Hey that's a pretty slick setup for Christmas lights....
No more extension cords!!


----------



## McClary’s Electrical (Feb 21, 2009)

Big John said:


> :blink: :laughing: He's got such a straight delivery, that I have absolutely no idea if he actually used this method of troubleshooting or not.
> 
> I just don't believe that you can energize the entire gutter on a house and not pass 6mA of leakage current.
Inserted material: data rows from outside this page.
definition dual :: "('o,'m) bmcc \<Rightarrow> 'o \<Rightarrow> 'o" where
  "dual C a = ih C a (U C)"

definition pmap :: "('o,'m) bmcc \<Rightarrow> ('x \<Rightarrow> 'x \<Rightarrow> 'o) \<Rightarrow> ('x \<Rightarrow> 'x \<Rightarrow> 'm) \<Rightarrow> ('x \<Rightarrow> 'x \<Rightarrow> 'm)
    \<Rightarrow> 'x \<Rightarrow> 'x \<Rightarrow> 'm" where
  "pmap C A dl t x y =
    (let a = A x y; as = dual C a in
     cp C (lu C a)
      (cp C (tm C (ev C a (U C)) (ident C a))
       (cp C (asoi C as a a)
        (cp C (tm C (ident C as) (dl x y))
         (cp C (tm C (ident C as) (t x y)) (rui C as))))))"

definition qmap :: "('o,'m) bmcc \<Rightarrow> ('x \<Rightarrow> 'x \<Rightarrow> 'o) \<Rightarrow> ('x \<Rightarrow> 'x \<Rightarrow> 'm) \<Rightarrow> ('x \<Rightarrow> 'x \<Rightarrow> 'm)
    \<Rightarrow> 'x \<Rightarrow> 'x \<Rightarrow> 'm" where
  "qmap C A dl t x y =
    (let a = A x y; as = dual C a in
     cp C (ru C a)
      (cp C (tm C (ident C a) (ev C a (U C)))
       (cp C (tm C (ident C a) (br C a as))
        (cp C (aso C a a as)
         (cp C (tm C (dl x y) (ident C as))
          (cp C (tm C (t x y) (ident C as)) (lui C as)))))))"

definition right_inverse :: "('o,'m) bmcc \<Rightarrow> 'm \<Rightarrow> 'm \<Rightarrow> bool" where
  "right_inverse C r f \<longleftrightarrow> hom C r (cd C f) (dm C f) \<and> cp C f r = ident C (cd C f)"

definition split_epi :: "('o,'m) bmcc \<Rightarrow> 'm \<Rightarrow> bool" where
  "split_epi C f \<longleftrightarrow> (\<exists>r. right_inverse C r f)"

definition nonsingular :: "('o,'m) bmcc \<Rightarrow> ('x \<Rightarrow> 'x \<Rightarrow> 'o) \<Rightarrow> ('x \<Rightarrow> 'x \<Rightarrow> 'm)
    \<Rightarrow> ('x \<Rightarrow> 'x \<Rightarrow> 'm) \<Rightarrow> bool" where
  "nonsingular C A dl t \<longleftrightarrow>
    (\<forall>x. split_epi C (pmap C A dl t x x) \<and> split_epi C (qmap C A dl t x x))"

end

theory Submission
  imports Defs
begin

text \<open>Write \<open>t\<^sub>1 \<otimes> t\<^sub>2\<close> for the coproduct of the integral \<open>t = t\<^sup>x\<^sup>x\<close> of \<open>H = H\<^sub>x\<^sub>,\<^sub>x\<close>.
  Pushing the integral property \<open>h t = \<epsilon>(h) t\<close> through the coproduct and cancelling with the
  antipode gives \<open>S(h) t\<^sub>1 \<otimes> t\<^sub>2 = t\<^sub>1 \<otimes> h t\<^sub>2\<close>. Applying \<open>g \<otimes> f\<close> and using the
  normalisations \<open>t\<^sub>1 f(t\<^sub>2) = 1 = g(t\<^sub>1) t\<^sub>2\<close>, the left side becomes \<open>g(S h)\<close> and the right side
  \<open>f(h)\<close>; hence \<open>g \<circ> S = f\<close>. For the second claim, \<open>p \<circ> p\<^sup>- = 1\<close> and \<open>q \<circ> q\<^sup>- = 1\<close>, evaluated at the
  unit \<open>j\<^sub>x\<close>, say precisely that the functionals obtained by pairing \<open>p\<^sup>-(1)\<close> and \<open>q\<^sup>-(1)\<close>
  with \<open>H\<close> are normalised in this sense.\<close>

section \<open>Monoidal and braided coherence\<close>

locale monoidal_category =
  fixes C :: "('o,'m) bmcc"
  assumes monoidal: "monoidal C"
begin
So if he put a GFCI breaker in and the GFCI didn't trip, then he didn't find the faulted circuit, it's as simple as that.


Dry gutters not touchibg the ground, I think it's possible.


----------



## Jack Legg (Mar 12, 2014)

I found 120 volt on this water line without even taking my boot off

It arced to the dryer vent


----------



## Big John (May 23, 2010)

mcclary's electrical said:


> Dry gutters not touchibg the ground, I think it's possible.


 I'll never say impossible, because that's just setting myself up to look bad, but I'd be darn surprised.

Easy enough to test. Dude needs to put the GFCI back in and repeat his lightbulb trick.


----------



## Black Dog (Oct 16, 2011)

A Little Short said:


> Only way an AFCI would trip would be if it had the GF feature in it.
> 
> I wouldn't trust an AFCI to detect any type arc after some of the tests I've seen done.
> 
> ...


Good question...:laughing:


----------



## eddy current (Feb 28, 2009)

Worst trouble shooter ever! How many different ways did he try to test the 120? "Wait, My meter says I got 120 volts. Maybe I will try and energize a light bulb? Ok, now a different watt light bulb. Now a CFL. Maybe a different breaker will fix it?" 

Licking his arm and taking off one shoe? Idiot

Turn off one breaker at a time until the voltage goes away. Trace that circuit until you find the spot where it energizes the gutter. Repair and go home.


----------



## McClary’s Electrical (Feb 21, 2009)

eddy current said:


> Worst trouble shooter ever! How many different ways did he try to test the 120? "Wait, My meter says I got 120 volts. Maybe I will try and energize a light bulb? Ok, now a different watt light bulb. Now a CFL. Maybe a different breaker will fix it?"
> 
> Licking his arm and taking off one shoe? Idiot
> 
> Turn off one breaker at a time until the voltage goes away. Trace that circuit until you find the spot where it energizes the gutter. Repair and go home.


Amen brother...


----------



## Black Dog (Oct 16, 2011)

A Little Short said:


> Only way an AFCI would trip would be if it had the GF feature in it.
> 
> I wouldn't trust an AFCI to detect any type arc after some of the tests I've seen done.
> 
> ...


Here it is....:laughing:


https://www.youtube.com/watch?v=CD4CYLzRUgo


----------



## A Little Short (Nov 11, 2010)

Black Dog said:


> Here it is....:laughing:
> 
> 
> https://www.youtube.com/watch?v=CD4CYLzRUgo


He "sensed continuity between the lag and the flashing"
"If you don't know what that term means don't do it"!:laughing:

That just proves if he had put a load on the circuit with the GFCI it would have tripped.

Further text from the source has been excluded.